The Reserve Bank of India should probably have raised more flags about the quality of lending in the early days of banking exuberance, said former Governor Raghuram G Rajan.

With the benefit of hindsight, Rajan said the RBI should probably not have agreed to forbearance, though without the tools to clean up, it is not clear what the banks would have done.

“Forbearance was a bet that growth would revive, and projects would come back on track. That it did not work out does not mean that it was not the right decision at the time it was initiated,” the former RBI Governor said in a note prepared at the request of Murli Manohar Joshi, Chairman of the Parliament Estimates Committee.
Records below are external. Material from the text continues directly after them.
lemma L2sq_implicit_step_le:
  fixes v w :: "real \<Rightarrow> real \<Rightarrow> real" and a b h l L L' :: real
  defines "C \<equiv> {0..<L} \<times> {0..<L'}"
  assumes a: "a \<ge> 0" and b: "b \<ge> 0" and L: "L > 0" and L': "L' > 0"
    and v_meas: "(\<lambda>p. v (fst p) (snd p)) \<in> borel_measurable borel"
    and v_int: "set_integrable lborel C (\<lambda>p. (v (fst p) (snd p))\<^sup>2)"
    and w_int: "set_integrable lborel C (\<lambda>p. (w (fst p) (snd p))\<^sup>2)"
    and perx: "\<And>x y. v (x + L) y = v x y" and pery: "\<And>x y. v x (y + L') = v x y"
    and step: "\<And>x y. (1 + 2*a + 2*b) * v x y - a * (v (x + h) y + v (x - h) y)
                       - b * (v x (y + l) + v x (y - l)) = w x y"
  shows "L2sq L L' v \<le> L2sq L L' w"
proof -
  define V where "V x y = (v x y)\<^sup>2" for x y
  define W where "W x y = (w x y)\<^sup>2" for x y
  have V_meas: "(\<lambda>p. V (fst p) (snd p)) \<in> borel_measurable borel"
    unfolding V_def using v_meas by measurable
  have V_int: "set_integrable lborel C (\<lambda>p. V (fst p) (snd p))"
    using v_int unfolding V_def .
  have V_shift: "set_integrable lborel C (\<lambda>p. V (fst p + c) (snd p + d))"
    "(LINT p:C|lborel. V (fst p + c) (snd p + d)) = (LINT p:C|lborel. V (fst p) (snd p))" for c d
    using set_integral_cell_periodic_shift[OF V_meas L L' _ _ _ V_int[unfolded C_def], of c d]
    unfolding C_def V_def by (simp_all add: perx pery)
  define g where "g p = 1/2 * W (fst p) (snd p)
      + a/2 * (V (fst p + h) (snd p) + V (fst p - h) (snd p))
      + b/2 * (V (fst p) (snd p + l) + V (fst p) (snd p - l))" for p
  note shifts = V_shift[of h 0] V_shift[of "-h" 0] V_shift[of 0 l] V_shift[of 0 "-l"]
  have g_int: "set_integrable lborel C g"
    unfolding g_def W_def using w_int shifts by (intro set_integral_add(1) set_integrable_mult_right) auto
  have "(1/2 + a + b) * (LINT p:C|lborel. V (fst p) (snd p)) = (LINT p:C|lborel. (1/2 + a + b) * V (fst p) (snd p))"
    by simp
  also have "\<dots> \<le> (LINT p:C|lborel. g p)"
  proof (rule set_integral_mono)
    show "set_integrable lborel C (\<lambda>p. (1/2 + a + b) * V (fst p) (snd p))"
      using v_int unfolding V_def by auto
    show "(1/2 + a + b) * V (fst p) (snd p) \<le> g p" for p
      using implicit_stencil_energy_ineq[OF a b step[symmetric]]
      unfolding g_def V_def W_def by simp
  qed (rule g_int)
  also have "\<dots> = 1/2 * (LINT p:C|lborel. W (fst p) (snd p)) + (a + b) * (LINT p:C|lborel. V (fst p) (snd p))"
    unfolding g_def W_def using w_int shifts
    by (simp add: set_integral_add set_integrable_mult_right algebra_simps)
  finally show ?thesis
    unfolding L2sq_def C_def V_def W_def by (simp add: algebra_simps)
qed
(* If $A,B,C,X$ are $N\times N$ real symmetric positive semidefinite matrices, then \[ \det(A+X)+\det(B+X)+\det(C+X)+\det(A+B+C+X)\geq\det(A+B+X)+\det(B+C+X)+\det(C+A+X)+\det X. \] *)

theory Defs
  imports "HOL-Analysis.Analysis"
begin

definition psd_matrix :: "real ^ 'n ^ 'n \<Rightarrow> bool" where
  "psd_matrix A \<longleftrightarrow> transpose A = A \<and> (\<forall>x :: real ^ 'n. 0 \<le> x \<bullet> (A *v x))"

end

theory Submission
  imports Defs
begin

(* Every positive semidefinite matrix is a finite sum of rank-one matrices v v^T (pivoted
   Cholesky via Schur complements), so it suffices to treat
   M S = (\<Sum>k\<in>S. u k u k^T) for one family u and disjoint index sets for A, B, C, X.
   Multilinearity expands det (M S) as a sum over all maps g from rows to S, and over any
   set of maps closed under g \<mapsto> g \<circ> p (p a permutation) these terms add up to a
   nonnegative number: averaging over the orbit gives det (u (g i))_i squared. By
   inclusion-exclusion, the difference of the two sides of the inequality is exactly the
   sum over the maps g whose range meets each of the index sets of A, B and C, a
   permutation-closed set. *)

definition outer :: "real ^ 'n \<Rightarrow> real ^ 'n ^ 'n" where
  "outer v = (\<chi> i j. v $ i * v $ j)"

lemma outer_mult_vector: "outer c *v x = (c \<bullet> x) *\<^sub>R c"
  by (simp add: outer_def vec_eq_iff matrix_vector_mult_def inner_vec_def sum_distrib_left algebra_simps)

lemma inner_outer_mult_vector: "x \<bullet> (outer c *v x) = (x \<bullet> c)\<^sup>2"
  by (simp add: outer_mult_vector power2_eq_square inner_commute)

lemma outer_scaleR: "outer (r *\<^sub>R c) = r\<^sup>2 *\<^sub>R outer c"
  by (simp add: outer_def vec_eq_iff power2_eq_square)

lemma nonneg_quadratic_imp_discrim_le:
  fixes a b c :: real
  assumes nonneg: "\<And>t. 0 \<le> a * t\<^sup>2 + 2 * b * t + c" and "0 \<le> a"
  shows "b\<^sup>2 \<le> a * c"
proof (cases "a = 0")
  case True
  have "b = 0"
  proof (rule ccontr)
    assume "b \<noteq> 0"
    have "0 \<le> a * (- (c + 1) / (2 * b))\<^sup>2 + 2 * b * (- (c + 1) / (2 * b)) + c" by (rule nonneg)
    also have "\<dots> = -1" using True \<open>b \<noteq> 0\<close> by (simp add: field_simps)
    finally show False by simp
  qed
  with True show ?thesis by simp
next
  case False
  with \<open>0 \<le> a\<close> have "0 < a" by simp
  have "0 \<le> a * (- b / a)\<^sup>2 + 2 * b * (- b / a) + c" by (rule nonneg)
  also have "\<dots> = c - b\<^sup>2 / a" using \<open>0 < a\<close> by (simp add: field_simps power2_eq_square)
  finally show ?thesis using \<open>0 < a\<close> by (simp add: field_simps)
qed
(* Let $(X,\|\cdot\|_X)$ be a normed linear space. The following are equivalent: (i) $\Delta_X^{(c)}(R)<\infty$ for some $R\in(0,\infty)$; (ii) there is $C\in[0,\infty)$ such that $\Delta_X^{(c)}(R)\leq CR$ for all $R\in[0,\infty)$; (iii) $\Delta_X^{(c)}(R)<\infty$ for all $R\in[0,\infty)$ (the coarse Stone property); (iv) $\Delta_X^{(u)}(r)>0$ for all $r>0$ (the uniform Stone property).
   Context: For a cover $\mathcal{U}$ of $X$: $\mathrm{diam}(\mathcal{U})=\sup_{U\in\mathcal{U}}\mathrm{diam}(U)$; $\mathcal{L}(\mathcal{U})=\sup\{d\in[0,\infty): \text{every } E\subseteq X \text{ with } \mathrm{diam}(E)<d \text{ is contained in some } U\in\mathcal{U}\}$; point-finite means each point lies in only finitely many members. $\Delta_X^{(u)}(r)=\sup\{\mathcal{L}(\mathcal{U}): \mathcal{U} \text{ point-finite cover of } X,\ \mathrm{diam}(\mathcal{U})\leq r\}$, $\Delta_X^{(c)}(R)=\inf\{\mathrm{diam}(\mathcal{U}): \mathcal{U} \text{ point-finite cover of } X,\ \mathcal{L}(\mathcal{U})\geq R\}$. *)

theory Defs
  imports "HOL-Analysis.Analysis"
begin

definition ediam :: "'a::metric_space set \<Rightarrow> ereal" where
  "ediam E = (if E = {} then 0 else Sup {ereal (dist x y) | x y. x \<in> E \<and> y \<in> E})"

definition cover_diam :: "'a::metric_space set set \<Rightarrow> ereal" where
  "cover_diam \<U> = Sup (ediam ` \<U>)"

definition lebesgue_num :: "'a::metric_space set set \<Rightarrow> ereal" where
  "lebesgue_num \<U> = Sup {ereal d | d. d \<ge> 0 \<and>
      (\<forall>E. ediam E < ereal d \<longrightarrow> (\<exists>U\<in>\<U>. E \<subseteq> U))}"

definition point_finite_cover :: "'a set set \<Rightarrow> bool" where
  "point_finite_cover \<U> \<longleftrightarrow> \<Union>\<U> = UNIV \<and> (\<forall>x. finite {U \<in> \<U>. x \<in> U})"

definition Delta_u :: "'a::metric_space itself \<Rightarrow> real \<Rightarrow> ereal" where
  "Delta_u _ r = Sup {lebesgue_num \<U> | \<U>::'a set set.
      point_finite_cover \<U> \<and> cover_diam \<U> \<le> ereal r}"

definition Delta_c :: "'a::metric_space itself \<Rightarrow> real \<Rightarrow> ereal" where
  "Delta_c _ R = Inf {cover_diam \<U> | \<U>::'a set set.
      point_finite_cover \<U> \<and> lebesgue_num \<U> \<ge> ereal R}"

end

theory Submission
  imports Defs
begin

text \<open>Dilating a point-finite cover by \<open>t > 0\<close> keeps it point-finite and multiplies both its
  diameter and its Lebesgue number by \<open>t\<close>. So one cover with finite diameter and positive
  Lebesgue number yields, after dilation, covers realising every prescribed Lebesgue number
  with diameter proportional to it, and every prescribed diameter with positive Lebesgue
  number; all four conditions say that such a cover exists.\<close>

definition scale_cover :: "real \<Rightarrow> 'a::real_normed_vector set set \<Rightarrow> 'a set set" where
  "scale_cover t \<U> = image (scaleR t) ` \<U>"

lemma ediam_nonneg: "0 \<le> ediam E"
proof (cases "E = {}")
  case False
  then obtain x where "x \<in> E" by blast
  then have "ereal (dist x x) \<le> Sup {ereal (dist x y) | x y. x \<in> E \<and> y \<in> E}"
    by (intro Sup_upper) blast
  then show ?thesis using False by (simp add: ediam_def zero_ereal_def)
qed (simp add: ediam_def)

lemma ediam_scaleR_le:
  fixes E :: "'a::real_normed_vector set"
  shows "ediam (scaleR c ` E) \<le> ereal \<bar>c\<bar> * ediam E"
proof (cases "E = {}")
  case False
  have "z \<le> ereal \<bar>c\<bar> * ediam E"
    if "z \<in> {ereal (dist x y) | x y. x \<in> scaleR c ` E \<and> y \<in> scaleR c ` E}" for z
  proof -
    from that obtain a b where ab: "a \<in> E" "b \<in> E" "z = ereal (dist (c *\<^sub>R a) (c *\<^sub>R b))"
      by blast
    have "ereal (dist a b) \<le> ediam E"
      using False ab unfolding ediam_def by (auto intro!: Sup_upper)
    then have "ereal \<bar>c\<bar> * ereal (dist a b) \<le> ereal \<bar>c\<bar> * ediam E"
      by (intro ereal_mult_left_mono) auto
    moreover have "dist (c *\<^sub>R a) (c *\<^sub>R b) = \<bar>c\<bar> * dist a b"
      by (simp add: dist_norm scaleR_diff_right[symmetric])
    ultimately show ?thesis using ab by simp
  qed
  then have "Sup {ereal (dist x y) | x y. x \<in> scaleR c ` E \<and> y \<in> scaleR c ` E}
      \<le> ereal \<bar>c\<bar> * ediam E"
    by (rule Sup_least)
  then show ?thesis using False by (simp add: ediam_def)
qed (simp add: ediam_def)

lemma lebesgue_num_nonneg: "0 \<le> lebesgue_num \<U>"
  unfolding lebesgue_num_def using ediam_nonneg
  by (intro Sup_upper2[of 0]) (auto simp: not_less[symmetric] zero_ereal_def[symmetric])

lemma point_finite_cover_scale_cover:
  fixes \<U> :: "'a::real_normed_vector set set"
  assumes t: "t > 0" and \<U>: "point_finite_cover \<U>"
  shows "point_finite_cover (scale_cover t \<U>)"
  unfolding point_finite_cover_def
proof (intro conjI allI)
  have "x \<in> \<Union> (scale_cover t \<U>)" for x :: 'a
  proof -
    from \<U> obtain S where "S \<in> \<U>" "inverse t *\<^sub>R x \<in> S"
      unfolding point_finite_cover_def by blast
    moreover have "x = t *\<^sub>R (inverse t *\<^sub>R x)" using t by simp
    ultimately show ?thesis unfolding scale_cover_def by blast
  qed
  then show "\<Union> (scale_cover t \<U>) = UNIV" by blast
next
  fix x :: 'a
  have "{V \<in> scale_cover t \<U>. x \<in> V} \<subseteq> image (scaleR t) ` {S \<in> \<U>. inverse t *\<^sub>R x \<in> S}"
    using t unfolding scale_cover_def by auto
  moreover have "finite {S \<in> \<U>. inverse t *\<^sub>R x \<in> S}"
    using \<U> unfolding point_finite_cover_def by blast
  ultimately show "finite {V \<in> scale_cover t \<U>. x \<in> V}"
    by (meson finite_imageI finite_subset)
qed

lemma cover_diam_scale_cover_le:
  fixes \<U> :: "'a::real_normed_vector set set"
  assumes t: "t > 0" and B: "cover_diam \<U> \<le> ereal B"
  shows "cover_diam (scale_cover t \<U>) \<le> ereal (t * B)"
  unfolding cover_diam_def scale_cover_def
proof (rule Sup_least)
  fix z assume "z \<in> ediam ` image (scaleR t) ` \<U>"
  then obtain S where S: "S \<in> \<U>" "z = ediam (scaleR t ` S)" by blast
  have "ediam S \<le> ereal B"
    using B S unfolding cover_diam_def by (meson SUP_upper order_trans)
  then have "ereal t * ediam S \<le> ereal t * ereal B"
    using t by (intro ereal_mult_left_mono) auto
  moreover have "z \<le> ereal t * ediam S" using ediam_scaleR_le[of t S] S t by simp
  ultimately show "z \<le> ereal (t * B)" by simp
qed

lemma scale_cover_contains_small_sets:
  fixes \<U> :: "'a::real_normed_vector set set"
  assumes t: "t > 0" and d: "\<forall>E. ediam E < ereal d \<longrightarrow> (\<exists>U\<in>\<U>. E \<subseteq> U)"
    and E: "ediam E < ereal (t * d)"
  shows "\<exists>V\<in>scale_cover t \<U>. E \<subseteq> V"
proof -
  have "ediam (scaleR (inverse t) ` E) \<le> ereal (inverse t) * ediam E"
    using ediam_scaleR_le[of "inverse t" E] t by simp
  also have "\<dots> < ereal (inverse t) * ereal (t * d)"
    using E t ediam_nonneg[of E] by (cases "ediam E") auto
  also have "\<dots> = ereal d" using t by simp
  finally obtain S where S: "S \<in> \<U>" "scaleR (inverse t) ` E \<subseteq> S" using d by blast
  have "E \<subseteq> scaleR t ` S"
  proof
    fix x assume "x \<in> E"
    then have "inverse t *\<^sub>R x \<in> S" using S by blast
    moreover have "x = t *\<^sub>R (inverse t *\<^sub>R x)" using t by simp
    ultimately show "x \<in> scaleR t ` S" by blast
  qed
  then show ?thesis using S unfolding scale_cover_def by blast
qed

lemma lebesgue_num_scale_cover_ge:
  fixes \<U> :: "'a::real_normed_vector set set"
  assumes t: "t > 0"
  shows "ereal t * lebesgue_num \<U> \<le> lebesgue_num (scale_cover t \<U>)"
proof -
  let ?A = "{d. d \<ge> 0 \<and> (\<forall>E. ediam E < ereal d \<longrightarrow> (\<exists>U\<in>\<U>. E \<subseteq> U))}"
  have eq: "lebesgue_num \<U> = (SUP d\<in>?A. ereal d)"
    unfolding lebesgue_num_def by (rule arg_cong[where f=Sup]) blast
  have "(0::real) \<in> ?A"
    using ediam_nonneg by (auto simp: not_less[symmetric] zero_ereal_def[symmetric])
  then have "ereal t * lebesgue_num \<U> = (SUP d\<in>?A. ereal t * ereal d)"
    unfolding eq using t by (intro Sup_ereal_mult_left') auto
  also have "\<dots> \<le> lebesgue_num (scale_cover t \<U>)"
  proof (rule SUP_least)
    fix d assume "d \<in> ?A"
    then have "t * d \<ge> 0"
      "\<forall>E. ediam E < ereal (t * d) \<longrightarrow> (\<exists>V\<in>scale_cover t \<U>. E \<subseteq> V)"
      using scale_cover_contains_small_sets[OF t] t by auto
    then show "ereal t * ereal d \<le> lebesgue_num (scale_cover t \<U>)"
      unfolding lebesgue_num_def by (auto intro!: Sup_upper)
  qed
  finally show ?thesis .
qed

lemma
  fixes \<U> :: "'a::real_normed_vector set set" and X :: "'a itself"
  assumes t: "t > 0" and \<U>: "point_finite_cover \<U>"
    and L: "ereal L \<le> lebesgue_num \<U>" and B: "cover_diam \<U> \<le> ereal B"
  shows Delta_c_le_scaled_cover: "Delta_c X (t * L) \<le> ereal (t * B)"
    and Delta_u_ge_scaled_cover: "ereal (t * L) \<le> Delta_u X (t * B)"
proof -
  let ?V = "scale_cover t \<U>"
  have V: "point_finite_cover ?V" by (rule point_finite_cover_scale_cover[OF t \<U>])
  have "ereal t * ereal L \<le> ereal t * lebesgue_num \<U>"
    using L t by (intro ereal_mult_left_mono) auto
  also have "\<dots> \<le> lebesgue_num ?V" by (rule lebesgue_num_scale_cover_ge[OF t])
  finally have leb: "ereal (t * L) \<le> lebesgue_num ?V" by simp
  have diam: "cover_diam ?V \<le> ereal (t * B)" by (rule cover_diam_scale_cover_le[OF t B])
  have "Delta_c X (t * L) \<le> cover_diam ?V"
    unfolding Delta_c_def by (rule Inf_lower) (use V leb in blast)
  with diam show "Delta_c X (t * L) \<le> ereal (t * B)" by simp
  have "lebesgue_num ?V \<le> Delta_u X (t * B)"
    unfolding Delta_u_def by (rule Sup_upper) (use V diam in blast)
  with leb show "ereal (t * L) \<le> Delta_u X (t * B)" by simp
qed

lemma Delta_c_zero_le: "Delta_c (X :: 'a::real_normed_vector itself) 0 \<le> 0"
proof -
  let ?S = "(\<lambda>x::'a. {x}) ` UNIV"
  have "{U \<in> ?S. x \<in> U} = {{x}}" for x by auto
  then have "point_finite_cover ?S" unfolding point_finite_cover_def by auto
  moreover have "ediam {x} = 0" for x :: 'a
    unfolding ediam_def by (simp add: zero_ereal_def)
  then have "cover_diam ?S \<le> ereal 0"
    unfolding cover_diam_def by (auto intro!: Sup_least)
  ultimately show ?thesis
    using Delta_c_le_scaled_cover[of 1 ?S 0 0 X] lebesgue_num_nonneg[of ?S]
    by (simp add: zero_ereal_def)
qed

lemma Delta_c_finite_witness:
  fixes X :: "'a::real_normed_vector itself"
  assumes "Delta_c X R < \<infinity>"
  obtains \<U> :: "'a set set" and B where "point_finite_cover \<U>" "ereal R \<le> lebesgue_num \<U>"
    "B > 0" "cover_diam \<U> \<le> ereal B"
proof -
  from assms obtain \<U> :: "'a set set" where \<U>: "point_finite_cover \<U>"
    "ereal R \<le> lebesgue_num \<U>" "cover_diam \<U> < \<infinity>"
    unfolding Delta_c_def Inf_less_iff by blast
  define B where "B = max 0 (real_of_ereal (cover_diam \<U>)) + 1"
  have "cover_diam \<U> \<le> ereal B"
    using \<U>(3) unfolding B_def by (cases "cover_diam \<U>") auto
  moreover have "B > 0" unfolding B_def by simp
  ultimately show ?thesis using \<U> that by blast
qed

lemma Delta_u_pos_witness:
  fixes X :: "'a::real_normed_vector itself"
  assumes "Delta_u X r > 0"
  obtains \<U> :: "'a set set" and e where "point_finite_cover \<U>" "cover_diam \<U> \<le> ereal r"
    "e > 0" "ereal e \<le> lebesgue_num \<U>"
proof -
  from assms obtain \<U> :: "'a set set" where \<U>: "point_finite_cover \<U>"
    "cover_diam \<U> \<le> ereal r" "lebesgue_num \<U> > 0"
    unfolding Delta_u_def less_Sup_iff by blast
  obtain e where "0 < ereal e" "ereal e < lebesgue_num \<U>" using ereal_dense2[OF \<U>(3)] by blast
  with \<U> that show ?thesis by (metis ereal_less(2) less_imp_le)
qed

lemma Delta_c_linear_if_finite:
  fixes X :: "'a::real_normed_vector itself"
  assumes R0: "R0 > 0" and fin: "Delta_c X R0 < \<infinity>"
  shows "\<exists>C\<ge>0. \<forall>R\<ge>0. Delta_c X R \<le> ereal (C * R)"
proof -
  obtain \<U> :: "'a set set" and B where \<U>: "point_finite_cover \<U>" "ereal R0 \<le> lebesgue_num \<U>"
    and B: "B > 0" "cover_diam \<U> \<le> ereal B"
    using Delta_c_finite_witness[OF fin] by blast
  have "Delta_c X R \<le> ereal (B / R0 * R)" if R: "R > 0" for R
    using Delta_c_le_scaled_cover[OF _ \<U> B(2), of "R / R0" X] R R0 by (simp add: mult.commute)
  with Delta_c_zero_le[of X] B R0 show ?thesis
    by (intro exI[of _ "B / R0"]) (auto simp: le_less zero_ereal_def)
qed

lemma Delta_u_pos_if_Delta_c_finite:
  fixes X :: "'a::real_normed_vector itself"
  assumes R0: "R0 > 0" and fin: "Delta_c X R0 < \<infinity>" and r: "r > 0"
  shows "Delta_u X r > 0"
proof -
  obtain \<U> :: "'a set set" and B where \<U>: "point_finite_cover \<U>" "ereal R0 \<le> lebesgue_num \<U>"
    and B: "B > 0" "cover_diam \<U> \<le> ereal B"
    using Delta_c_finite_witness[OF fin] by blast
  have "ereal (r / B * R0) \<le> Delta_u X (r / B * B)"
    using Delta_u_ge_scaled_cover[OF _ \<U> B(2), of "r / B" X] r B by simp
  moreover have "0 < ereal (r / B * R0)" using r B R0 by simp
  moreover have "r / B * B = r" using B by simp
  ultimately show ?thesis by (metis less_le_trans)
qed

lemma Delta_c_finite_if_Delta_u_pos:
  fixes X :: "'a::real_normed_vector itself"
  assumes pos: "Delta_u X r0 > 0" and R: "R \<ge> 0"
  shows "Delta_c X R < \<infinity>"
proof -
  obtain \<U> :: "'a set set" and e where \<U>: "point_finite_cover \<U>" "cover_diam \<U> \<le> ereal r0"
    and e: "e > 0" "ereal e \<le> lebesgue_num \<U>"
    using Delta_u_pos_witness[OF pos] by blast
  have "Delta_c X (R / e * e) \<le> ereal (R / e * r0)" if "R > 0"
    using Delta_c_le_scaled_cover[OF _ \<U>(1) e(2) \<U>(2), of "R / e" X] that e by simp
  then show ?thesis
    using Delta_c_zero_le[of X] R e by (cases "R = 0") (auto intro: le_less_trans)
qed

theorem lemma3p7:
  fixes X :: "'a::real_normed_vector itself"
  shows "((\<exists>R>0. Delta_c X R < \<infinity>)
           \<longleftrightarrow> (\<exists>C\<ge>0. \<forall>R\<ge>0. Delta_c X R \<le> ereal (C * R)))
       \<and> ((\<exists>C\<ge>0. \<forall>R\<ge>0. Delta_c X R \<le> ereal (C * R))
           \<longleftrightarrow> (\<forall>R\<ge>0. Delta_c X R < \<infinity>))
       \<and> ((\<forall>R\<ge>0. Delta_c X R < \<infinity>)
           \<longleftrightarrow> (\<forall>r>0. Delta_u X r > 0))"
proof -
  let ?i = "\<exists>R>0. Delta_c X R < \<infinity>"
  let ?ii = "\<exists>C\<ge>0. \<forall>R\<ge>0. Delta_c X R \<le> ereal (C * R)"
  let ?iii = "\<forall>R\<ge>0. Delta_c X R < \<infinity>"
  let ?iv = "\<forall>r>0. Delta_u X r > 0"
  have "?i \<Longrightarrow> ?ii" using Delta_c_linear_if_finite by blast
  moreover have "?iii" if ii: "?ii"
  proof (intro allI impI)
    fix R :: real assume "R \<ge> 0"
    then obtain C where "Delta_c X R \<le> ereal (C * R)" using ii by blast
    then show "Delta_c X R < \<infinity>" using le_less_trans by fastforce
  qed
  moreover have "?iii \<Longrightarrow> ?i" by (intro exI[of _ 1]) simp
  moreover have "?i \<Longrightarrow> ?iv" using Delta_u_pos_if_Delta_c_finite by blast
  moreover have "?iv \<Longrightarrow> ?iii" using Delta_c_finite_if_Delta_u_pos zero_less_one by blast
  ultimately show ?thesis by blast
qed

end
Also, the RBI should have initiated the new tools earlier, and pushed for a more rapid enactment of the Bankruptcy Code. If so, it could have started the asset quality review (AQR) process earlier.

“Finally, the RBI could have been more decisive in enforcing penalties on non-compliant banks. Fortunately, this culture of leniency has been changing in recent years. Hindsight, of course, is 20/20,” said Rajan, who is now the Katherine Dusak Miller Distinguished Service Professor of Finance at Chicago Booth.

Referring to bankers, promoters, or their backers in government sometimes turning around and accusing regulators of creating the bad loan problem, the professor underscored that “the truth is bankers, promoters, and circumstances create the bad loan problem.

“The regulator cannot substitute for the banker’s commercial decisions or micromanage them or even investigate them when they are being made. Instead, in most situations, the regulator can at best warn about poor lending practices when they are being undertaken, and demand banks hold adequate risk buffers.”

He observed that the RBI is primarily a referee, not a player in the process of commercial lending. Its nominees on bank boards have no commercial lending experience and can only try and make sure that processes are followed.

“They offer an illusion that the regulator is in control, which is why nearly every RBI Governor has asked the government for permission to withdraw them from bank boards,” explained Rajan.